X_train, X_test, y_train, y_test = train_test_split(
    X, y, test_size=0.2, random_state=42
)

# ---- Linear Regression with StandardScaler ----
model = Pipeline([
    ("scaler", StandardScaler()),
    ("lr", LinearRegression())
])

model.fit(X_train, y_train)
y_pred = model.predict(X_test)

# ---- Evaluate ----
print("R² score:", r2_score(y_test, y_pred))
print("MAE:", mean_absolute_error(y_test, y_pred))


R² score: 0.4931887913444939
MAE: 723.5234909251129


The model explains approximately half of the observed price variance,
suggesting that physical characteristics play a substantial role in price formation.

In [7]:
from sklearn.metrics import r2_score, mean_absolute_error

y_train_pred = model.predict(X_train)
train_r2 = r2_score(y_train, y_train_pred)
train_mae = mean_absolute_error(y_train, y_train_pred)

y_test_pred = model.predict(X_test)
test_r2 = r2_score(y_test, y_test_pred)
test_mae = mean_absolute_error(y_test, y_test_pred)

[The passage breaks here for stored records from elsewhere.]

(* Let $H=[H_X\,|\,H_Z]$ be the $(n-k)\times 2n$ binary check matrix of an $[[n,k,d]]$ stabilizer code. By row operations (Gaussian elimination) and a reordering of the qubits, $H$ can be written in the standard form \[ H=\left[\begin{array}{cc|cc} A & I_{s\times s} & D & 0\\ C & 0 & B & I_{s\times s}\\ E & 0 & F & 0\end{array}\right],\qquad 0\le s\le n-k , \] where $A,B,C,D,E,F$ are binary matrices of appropriate sizes. Then for every integer $c$ with $0\le c\le s$, the matrix obtained from $H$ by deleting the last $c$ columns of $H_X$ and the last $c$ columns of $H_Z$ is the check matrix of the simplified stabilizer group of an $[[n-c,k,d;c]]_{AB}$ EAQEC code; in particular this code can correct any Pauli error of weight at most $\lfloor\frac{d-1}{2}\rfloor$ acting on Alice's $n-c$ qubits together with Bob's $c$ qubits. Moreover, if the stabilizer code is nondegenerate, the elimination can be carried out so that the resulting $s$ satisfies \[ d-1\le s\le \left\lfloor \tfrac{n-k}{2}\right\rfloor . \]
   Context: Pauli operators on $n$ qubits are considered up to phase, i.e. as tensor products $M_1\otimes\cdots\otimes M_n$ with $M_j\in\{I,X,Y,Z\}$; the weight of such an operator is the number of non-identity factors. An $[[n,k,d]]$ stabilizer code is defined by an abelian subgroup $\mathcal S$ of the $n$-qubit Pauli group not containing $-I$, with $n-k$ independent generators; $d$ is the minimum weight of an element of $\mathcal N(\mathcal S)\setminus\mathcal S$, where $\mathcal N(\mathcal S)$ is the normalizer of $\mathcal S$ in the Pauli group. The check matrix has one row per generator; a Pauli $X^{a}Z^{b}$ (with $a,b\in\{0,1\}^n$) corresponds to the row $[a\,|\,b]$. The code is nondegenerate if every non-identity element of $\mathcal N(\mathcal S)$ has weight at least $d$. An $[[n',k,d;c]]$ entanglement-assisted (EAQEC) code: Alice and Bob share $c$ Bell pairs $\frac{1}{\sqrt2}(|00\rangle+|11\rangle)$; Alice encodes $k$ qubits into $n'$ qubits (including her halves of the ebits) with a Clifford unitary. It is specified by a simplified stabilizer group $\mathcal S'$ on Alice's $n'$ qubits generated by operators $g'_1,h'_1,\dots,g'_c,h'_c,g'_{c+1},\dots,g'_{n'-k-c}$, where $g'_i,h'_i$ anticommute for $i\le c$ and all other pairs of generators commute; the encoded state on all $n'+c$ qubits is stabilized by $g'_i\otimes Z_i$, $h'_i\otimes X_i$ ($i\le c$, the $Z_i,X_i$ acting on Bob's $i$-th qubit) and $g'_j\otimes I$ ($j>c$). Its minimum distance is the minimum weight of an element of $\mathcal N(\mathcal S')\setminus\mathcal S_I$, where $\mathcal S_I=\langle g'_{c+1},\dots,g'_{n'-k-c}\rangle$. The subscript $AB$ indicates that the stabilizer group on all $n'+c$ qubits (Alice's and Bob's) is that of a standard $[[n'+c,k,d]]$ stabilizer code, so that errors on Bob's qubits are corrected as well as those on Alice's. *)

theory Defs
  imports Main
begin

text \<open>Pauli operators on n qubits up to phase: X^a Z^b encoded as the pair (a,b) of
 binary vectors; qubits are indexed 0..n-1, entries beyond n are required to be zero.\<close>

type_synonym pv = "(nat \<Rightarrow> bool) \<times> (nat \<Rightarrow> bool)"

definition pauli :: "nat \<Rightarrow> pv set" where
  "pauli n = {p. \<forall>j. n \<le> j \<longrightarrow> \<not> fst p j \<and> \<not> snd p j}"

definition pzero :: pv where
  "pzero = (\<lambda>_. False, \<lambda>_. False)"

text \<open>Product of Pauli operators (up to phase) = componentwise XOR.\<close>
definition padd :: "pv \<Rightarrow> pv \<Rightarrow> pv" where
  "padd p q = (\<lambda>j. fst p j \<noteq> fst q j, \<lambda>j. snd p j \<noteq> snd q j)"

definition weight :: "nat \<Rightarrow> pv \<Rightarrow> nat" where
  "weight n p = card {j. j < n \<and> (fst p j \<or> snd p j)}"

text \<open>X^a Z^b and X^a' Z^b' commute iff a.b' + b.a' = 0 (mod 2).\<close>
definition commute :: "nat \<Rightarrow> pv \<Rightarrow> pv \<Rightarrow> bool" where
  "commute n p q = even (card {j. j < n \<and> ((fst p j \<and> snd q j) \<noteq> (snd p j \<and> fst q j))})"

definition psum :: "(nat \<Rightarrow> pv) \<Rightarrow> nat set \<Rightarrow> pv" where
  "psum r T = (\<lambda>j. odd (card {i\<in>T. fst (r i) j}), \<lambda>j. odd (card {i\<in>T. snd (r i) j}))"

definition rowspan :: "nat \<Rightarrow> (nat \<Rightarrow> pv) \<Rightarrow> pv set" where
  "rowspan m r = {psum r T | T. T \<subseteq> {..<m}}"

definition indep :: "nat \<Rightarrow> (nat \<Rightarrow> pv) \<Rightarrow> bool" where
  "indep m r = (\<forall>T. T \<subseteq> {..<m} \<longrightarrow> T \<noteq> {} \<longrightarrow> psum r T \<noteq> pzero)"

definition normalizer :: "nat \<Rightarrow> pv set \<Rightarrow> pv set" where
  "normalizer n S = {p \<in> pauli n. \<forall>q\<in>S. commute n p q}"

definition stab_code :: "nat \<Rightarrow> nat \<Rightarrow> nat \<Rightarrow> (nat \<Rightarrow> pv) \<Rightarrow> bool" where
  "stab_code n k d r \<longleftrightarrow>
     k \<le> n \<and> (\<forall>i<n-k. r i \<in> pauli n) \<and> indep (n-k) r \<and>
     (\<forall>i<n-k. \<forall>j<n-k. commute n (r i) (r j)) \<and>
     (\<exists>p \<in> normalizer n (rowspan (n-k) r) - rowspan (n-k) r. weight n p = d) \<and>
     (\<forall>p \<in> normalizer n (rowspan (n-k) r) - rowspan (n-k) r. d \<le> weight n p)"

definition nondegenerate :: "nat \<Rightarrow> nat \<Rightarrow> nat \<Rightarrow> (nat \<Rightarrow> pv) \<Rightarrow> bool" where
  "nondegenerate n k d r \<longleftrightarrow>
     (\<forall>p \<in> normalizer n (rowspan (n-k) r). p \<noteq> pzero \<longrightarrow> d \<le> weight n p)"

text \<open>Standard form with parameter s for an m-row check matrix on n qubits:
  rows 0..s-1 = [A I | D 0], rows s..2s-1 = [C 0 | B I], rows 2s..m-1 = [E 0 | F 0],
  the identity blocks occupying the last s columns (qubits n-s..n-1).\<close>
definition std_form :: "nat \<Rightarrow> nat \<Rightarrow> nat \<Rightarrow> (nat \<Rightarrow> pv) \<Rightarrow> bool" where
  "std_form n m s r \<longleftrightarrow> 2*s \<le> m \<and> s \<le> n \<and>
     (\<forall>i<m. \<forall>j. n - s \<le> j \<and> j < n \<longrightarrow>
        (fst (r i) j \<longleftrightarrow> i < s \<and> j - (n - s) = i) \<and>
        (snd (r i) j \<longleftrightarrow> s \<le> i \<and> i < 2*s \<and> j - (n - s) = i - s))"

definition trunc :: "nat \<Rightarrow> pv \<Rightarrow> pv" where
  "trunc m p = (\<lambda>j. fst p j \<and> j < m, \<lambda>j. snd p j \<and> j < m)"

text \<open>Tensoring with X resp. Z on Bob's qubit, placed at position q.\<close>
definition with_X :: "nat \<Rightarrow> pv \<Rightarrow> pv" where
  "with_X q p = (\<lambda>j. fst p j \<or> j = q, snd p)"

definition with_Z :: "nat \<Rightarrow> pv \<Rightarrow> pv" where
  "with_Z q p = (fst p, \<lambda>j. snd p j \<or> j = q)"

definition qperm :: "(nat \<Rightarrow> nat) \<Rightarrow> pv \<Rightarrow> pv" where
  "qperm \<sigma> p = (\<lambda>j. fst p (\<sigma> j), \<lambda>j. snd p (\<sigma> j))"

print("Train R²:", train_r2)
print("Test  R²:", test_r2)
print("Train MAE:", train_mae)
print("Test  MAE:", test_mae)

Train R²: 0.47012910752107007
Test  R²: 0.4931887913444939
Train MAE: 748.95544702011
Test  MAE: 723.5234909251129


### Ridge Regression
Ridge regression is applied to assess model stability
under coefficient regularization.

In [8]:
from sklearn.linear_model import Ridge
from sklearn.metrics import r2_score, mean_absolute_error

X = df_model.drop("price_yen_with_tax", axis=1)
y = df_model["price_yen_with_tax"]

X_train, X_test, y_train, y_test = train_test_split(
    X, y, test_size=0.2, random_state=42
)

# ---- Ridge Regression (L2 Regularization) ----

ridge_model = Pipeline([
    ("scaler", StandardScaler()),
    ("ridge", Ridge(alpha=1.0))
])

ridge_model.fit(X_train, y_train)
y_pred_ridge = ridge_model.predict(X_test)

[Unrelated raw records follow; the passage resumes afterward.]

(* Fix $\theta$. Suppose the predictions are stable in the sense that $\sqrt{K\,\mathrm{Var}(\nabla\ell_\theta(X,f^{(1)}(X))-\nabla\ell_\theta(X,\bar f(X))\mid f^{(1)})}\xrightarrow{L^1}0$ entrywise as $n\to\infty$. For $j\in[K]$ define $$\tilde L_j=\frac{1}{\sqrt N}\sum_{i=1}^N\Big(\nabla\ell_\theta(\tilde X_i,f^{(j)}(\tilde X_i))-\mathbb{E}_X[\nabla\ell_\theta(X,f^{(j)}(X))]-\big(\nabla\ell_\theta(\tilde X_i,\bar f(\tilde X_i))-\mathbb{E}[\nabla\ell_\theta(X,\bar f(X))]\big)\Big).$$ Then $\frac1K\sum_{j=1}^K\tilde L_j\xrightarrow{p}0$.
   Context: Setting: $(X_i,Y_i)_{i\le n}$ i.i.d. from $\mathbb{P}$; $\tilde X_1,\dots,\tilde X_N$ i.i.d. from the feature marginal, independent of labeled data; $X$ is an independent generic feature draw. $\ell_\theta(x,y)$ is a loss differentiable in $\theta\in\mathbb{R}^d$, $\nabla$ denotes the gradient in $\theta$. Folds $I_1,\dots,I_K$ are consecutive blocks of size $n/K$; $f^{(j)}$ is trained by a possibly randomized algorithm on $\{(X_i,Y_i)\}_{i\notin I_j}$; $\bar f(x)=\mathbb{E}[f^{(1)}(x)]$. $\mathbb{E}_X$ denotes expectation over the independent $X$ conditionally on everything else; $\mathrm{Var}(\cdot\mid f^{(1)})$ is the conditional covariance matrix. Second moments are finite. *)

theory Defs
  imports "HOL-Probability.Probability"
begin

definition grad :: "(real^'d \<Rightarrow> 'x \<Rightarrow> 'y \<Rightarrow> real) \<Rightarrow> real^'d \<Rightarrow> 'x \<Rightarrow> 'y \<Rightarrow> real^'d" where
  "grad l th x y = (THE g. GDERIV (\<lambda>t. l t x y) th :> g)"

text \<open>Training data for fold j (folds j = 1..k are consecutive blocks of size n div k of the
  indices 0..<n): the labeled data with block I_j removed, re-indexed in order as 0..<n - n div k.\<close>
definition fold_train :: "nat \<Rightarrow> nat \<Rightarrow> nat \<Rightarrow> (nat \<Rightarrow> 'a) \<Rightarrow> nat \<Rightarrow> 'a" where
  "fold_train n k j d = (\<lambda>i. if i < n - n div k
      then d (if i < (j - 1) * (n div k) then i else i + n div k) else undefined)"

text \<open>Space of (algorithm randomness, labeled sample of size n).\<close>
definition train_space :: "'r measure \<Rightarrow> ('x \<times> 'y) measure \<Rightarrow> nat \<Rightarrow> ('r \<times> (nat \<Rightarrow> 'x \<times> 'y)) measure" where
  "train_space R P n = R \<Otimes>\<^sub>M PiM {..<n} (\<lambda>_. P)"

definition feat :: "('x \<times> 'y) measure \<Rightarrow> 'x measure \<Rightarrow> 'x measure" where
  "feat P SX = distr P SX fst"

definition full_space :: "'r measure \<Rightarrow> ('x \<times> 'y) measure \<Rightarrow> 'x measure \<Rightarrow> nat \<Rightarrow> nat
    \<Rightarrow> (('r \<times> (nat \<Rightarrow> 'x \<times> 'y)) \<times> (nat \<Rightarrow> 'x)) measure" where
  "full_space R P SX N n = train_space R P n \<Otimes>\<^sub>M PiM {..<N} (\<lambda>_. feat P SX)"

definition fpred :: "('r \<Rightarrow> (nat \<Rightarrow> 'x \<times> 'y) \<Rightarrow> 'x \<Rightarrow> 'y) \<Rightarrow> nat \<Rightarrow> nat \<Rightarrow> nat
    \<Rightarrow> 'r \<times> (nat \<Rightarrow> 'x \<times> 'y) \<Rightarrow> 'x \<Rightarrow> 'y" where
  "fpred A n k j w = A (fst w) (fold_train n k j (snd w))"

definition fbar :: "('r \<times> (nat \<Rightarrow> 'x \<times> 'y)) measure \<Rightarrow> ('r \<times> (nat \<Rightarrow> 'x \<times> 'y) \<Rightarrow> 'x \<Rightarrow> 'y::euclidean_space)
    \<Rightarrow> 'x \<Rightarrow> 'y" where
  "fbar T f x = (\<integral>w. f w x \<partial>T)"

definition condvar :: "'x measure \<Rightarrow> ('x \<Rightarrow> 'y \<Rightarrow> real^'d) \<Rightarrow> ('x \<Rightarrow> 'y) \<Rightarrow> ('x \<Rightarrow> 'y) \<Rightarrow> 'd \<Rightarrow> real" where
  "condvar PX G f fb c =
     (\<integral>x. ((G x (f x) - G x (fb x)) $ c)\<^sup>2 \<partial>PX) - (\<integral>x. (G x (f x) - G x (fb x)) $ c \<partial>PX)\<^sup>2"

definition Ltil :: "'x measure \<Rightarrow> ('x \<Rightarrow> 'y \<Rightarrow> real^'d) \<Rightarrow> nat \<Rightarrow> ('x \<Rightarrow> 'y) \<Rightarrow> ('x \<Rightarrow> 'y)
    \<Rightarrow> (nat \<Rightarrow> 'x) \<Rightarrow> real^'d" where
  "Ltil PX G N f fb u = (1 / sqrt (real N)) *\<^sub>R
     (\<Sum>i<N. (G (u i) (f (u i)) - (\<integral>x. G x (f x) \<partial>PX))
             - (G (u i) (fb (u i)) - (\<integral>x. G x (fb x) \<partial>PX)))"

end

theory Submission
  imports Defs
begin

text \<open>Conditionally on the training data, coordinate c of the j-th summand is N^(-1/2) times a
  sum of N i.i.d. centred variables whose variance is the conditional variance of the c-th gradient
  difference given f^(j), so its conditional L^1 norm is at most the conditional standard deviation.
  Every fold trains on a sample with the same law as fold 1, so this bound has the same expectation
  for all j. Bounding the norm of the average by the l^1 norm of its coordinates, Markov's
  inequality bounds the probability that it exceeds e by (1/e) sum_c E sqrt(Var_c(f^(1))), which
  tends to 0 by the stability hypothesis (the factor K there is only used through K \<ge> 1).\<close>

section \<open>Normalized sums of i.i.d. variables\<close>

lemma indep_vars_PiM_components:
  assumes M: "\<And>i. i \<in> I \<Longrightarrow> prob_space (M i)"
  shows "prob_space.indep_vars (PiM I M) M (\<lambda>i \<omega>. \<omega> i) I"
proof -
  interpret prob_space "PiM I M" by (rule prob_space_PiM) (rule M)
  show ?thesis
  proof (cases "I = {}")
    case True
    then show ?thesis unfolding indep_vars_def2 indep_sets_def by simp
  next
    case False
    have "distr (PiM I M) (\<Pi>\<^sub>M i\<in>I. M (id i)) (\<lambda>\<omega>. \<lambda>i\<in>I. \<omega> (id i)) = (\<Pi>\<^sub>M i\<in>I. M (id i))"
      by (rule distr_PiM_reindex) (auto intro: M)
    then show ?thesis
      using False M by (subst indep_vars_iff_distr_eq_PiM') (auto simp: distr_PiM_component cong: PiM_cong)
  qed
qed

lemma
  fixes Z :: "'a \<Rightarrow> 'b::{banach, second_countable_topology}"
  assumes M: "\<And>j. j \<in> I \<Longrightarrow> prob_space (M j)" and i: "i \<in> I" and Z: "integrable (M i) Z"
  shows integrable_PiM_component: "integrable (PiM I M) (\<lambda>\<omega>. Z (\<omega> i))"
    and integral_PiM_component: "(\<integral>\<omega>. Z (\<omega> i) \<partial>PiM I M) = (\<integral>x. Z x \<partial>M i)"
proof -
  have rv: "(\<lambda>\<omega>. \<omega> i) \<in> measurable (PiM I M) (M i)"
    using i by measurable
  have Zm: "Z \<in> borel_measurable (M i)"
    using Z by measurable
  have distr_eq: "distr (PiM I M) (M i) (\<lambda>\<omega>. \<omega> i) = M i"
    by (rule distr_PiM_component[OF M i])
  show "integrable (PiM I M) (\<lambda>\<omega>. Z (\<omega> i))"
    using Z by (simp flip: integrable_distr_eq[OF rv Zm] add: distr_eq)
  show "(\<integral>\<omega>. Z (\<omega> i) \<partial>PiM I M) = (\<integral>x. Z x \<partial>M i)"
    by (simp flip: integral_distr[OF rv Zm] add: distr_eq)
qed

lemma
  fixes Z :: "'a \<Rightarrow> real"
  assumes M: "prob_space M" and Z: "integrable M Z" and ik: "i \<in> I" "k \<in> I" "i \<noteq> k"
  shows integrable_PiM_components_mult: "integrable (PiM I (\<lambda>_. M)) (\<lambda>\<omega>. Z (\<omega> i) * Z (\<omega> k))"
    and integral_PiM_components_mult:
      "(\<integral>\<omega>. Z (\<omega> i) * Z (\<omega> k) \<partial>PiM I (\<lambda>_. M)) = (\<integral>x. Z x \<partial>M) * (\<integral>x. Z x \<partial>M)"
proof -
  interpret prob_space "PiM I (\<lambda>_. M)" by (rule prob_space_PiM) (rule M)
  have "indep_vars (\<lambda>_. borel) (\<lambda>j \<omega>. Z (\<omega> j)) I"
    using Z by (intro indep_vars_compose2[OF indep_vars_PiM_components]) (auto simp: M)
  then have indep: "indep_vars (\<lambda>_. borel) (\<lambda>j \<omega>. Z (\<omega> j)) {i, k}"
    by (rule indep_vars_subset) (use ik in auto)
  have int: "j \<in> {i, k} \<Longrightarrow> integrable (PiM I (\<lambda>_. M)) (\<lambda>\<omega>. Z (\<omega> j))" for j
    using ik by (auto intro: integrable_PiM_component M Z)
  show "integrable (PiM I (\<lambda>_. M)) (\<lambda>\<omega>. Z (\<omega> i) * Z (\<omega> k))"
    using indep_vars_integrable[OF _ indep int] ik by simp
  show "(\<integral>\<omega>. Z (\<omega> i) * Z (\<omega> k) \<partial>PiM I (\<lambda>_. M)) = (\<integral>x. Z x \<partial>M) * (\<integral>x. Z x \<partial>M)"
    using indep_vars_lebesgue_integral[OF _ indep int] ik
    by (simp add: integral_PiM_component[OF M _ Z])
qed

lemma
  fixes Z :: "'a \<Rightarrow> real"
  assumes M: "prob_space M" and I: "finite I"
    and Zm: "Z \<in> borel_measurable M" and Z2: "integrable M (\<lambda>x. (Z x)\<^sup>2)"
    and Z0: "(\<integral>x. Z x \<partial>M) = 0"
  shows integrable_PiM_sum_square: "integrable (PiM I (\<lambda>_. M)) (\<lambda>\<omega>. (\<Sum>i\<in>I. Z (\<omega> i))\<^sup>2)"
    and integral_PiM_sum_square:
      "(\<integral>\<omega>. (\<Sum>i\<in>I. Z (\<omega> i))\<^sup>2 \<partial>PiM I (\<lambda>_. M)) = card I * (\<integral>x. (Z x)\<^sup>2 \<partial>M)"
proof -
  have Z: "integrable M Z"
    by (rule finite_measure.square_integrable_imp_integrable[OF prob_space.finite_measure[OF M] Zm Z2])
  have ZZ: "integrable M (\<lambda>x. Z x * Z x)"
    using Z2 by (simp add: power2_eq_square)
  have square: "(\<Sum>i\<in>I. Z (\<omega> i))\<^sup>2 = (\<Sum>i\<in>I. \<Sum>k\<in>I. Z (\<omega> i) * Z (\<omega> k))" for \<omega>
    by (simp add: power2_eq_square sum_product)
  have int: "integrable (PiM I (\<lambda>_. M)) (\<lambda>\<omega>. Z (\<omega> i) * Z (\<omega> k))"
    if "i \<in> I" "k \<in> I" for i k
    using integrable_PiM_component[OF M \<open>i \<in> I\<close> ZZ] integrable_PiM_components_mult[OF M Z that]
    by (cases "i = k") simp_all
  have moment: "(\<integral>\<omega>. Z (\<omega> i) * Z (\<omega> k) \<partial>PiM I (\<lambda>_. M)) = (if i = k then \<integral>x. (Z x)\<^sup>2 \<partial>M else 0)"
    if "i \<in> I" "k \<in> I" for i k
    using integral_PiM_component[OF M \<open>i \<in> I\<close> ZZ] integral_PiM_components_mult[OF M Z that] Z0
    by (cases "i = k") (simp_all add: power2_eq_square)
  show "integrable (PiM I (\<lambda>_. M)) (\<lambda>\<omega>. (\<Sum>i\<in>I. Z (\<omega> i))\<^sup>2)"
    unfolding square using int by (intro Bochner_Integration.integrable_sum) auto
  have "(\<integral>\<omega>. (\<Sum>i\<in>I. Z (\<omega> i))\<^sup>2 \<partial>PiM I (\<lambda>_. M))
      = (\<Sum>i\<in>I. \<Sum>k\<in>I. \<integral>\<omega>. Z (\<omega> i) * Z (\<omega> k) \<partial>PiM I (\<lambda>_. M))"
    unfolding square using int
    by (simp add: Bochner_Integration.integral_sum Bochner_Integration.integrable_sum)
  also have "\<dots> = card I * (\<integral>x. (Z x)\<^sup>2 \<partial>M)"
    using I by (simp add: moment if_distrib sum.delta cong: sum.cong)
  finally show "(\<integral>\<omega>. (\<Sum>i\<in>I. Z (\<omega> i))\<^sup>2 \<partial>PiM I (\<lambda>_. M)) = card I * (\<integral>x. (Z x)\<^sup>2 \<partial>M)" .
qed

print("Ridge R² score:", r2_score(y_test, y_pred_ridge))
print("Ridge MAE:", mean_absolute_error(y_test, y_pred_ridge))

Ridge R² score: 0.4646111399364067
Ridge MAE: 747.1400801175815


Model performance remains comparable to the linear baseline,
indicating that results are not driven by extreme coefficients.

### Random Forest Regression
A non-linear model is used to explore potential non-linear
relationships between features and grape prices.

In [10]:
from sklearn.ensemble import RandomForestRegressor

X = df_model.drop("price_yen_with_tax", axis=1)
y = df_model["price_yen_with_tax"]

X_train, X_test, y_train, y_test = train_test_split(
    X, y, test_size=0.2, random_state=42
)

# ---- Random Forest Model ----
rf_model = RandomForestRegressor(
    n_estimators=500,
    max_depth=None,
    min_samples_split=2,
    min_samples_leaf=1,
    random_state=42
)

rf_model.fit(X_train, y_train)

# ---- Prediction ----
y_pred_rf = rf_model.predict(X_test)

# ---- Evaluation ----
print("Random Forest R² score:", r2_score(y_test, y_pred_rf))
print("Random Forest MAE:", mean_absolute_error(y_test, y_pred_rf))

# ---- Feature Importance ----
importances = rf_model.feature_importances_
feature_names = X.columns

importance_df = pd.DataFrame({
    "feature": feature_names,
    "importance": importances
}).sort_values(by="importance", ascending=False)

importance_df

Random Forest R² score: 0.4218847299062113
Random Forest MAE: 804.2419436842117


Unnamed: 0,feature,importance
5,grain_x_length,0.441421
6,grain_x_width,0.147976
0,grain_diameter_mm,0.099285
7,length_x_width,0.0764
8,grain_x_group,0.063945
2,bunch_width_cm,0.063267
3,year_introduced,0.046392
1,bunch_length_cm,0.029294
10,year_x_group,0.016271
9,length_x_group,0.013707


Feature importance highlights the role of size-related
interaction terms in price prediction.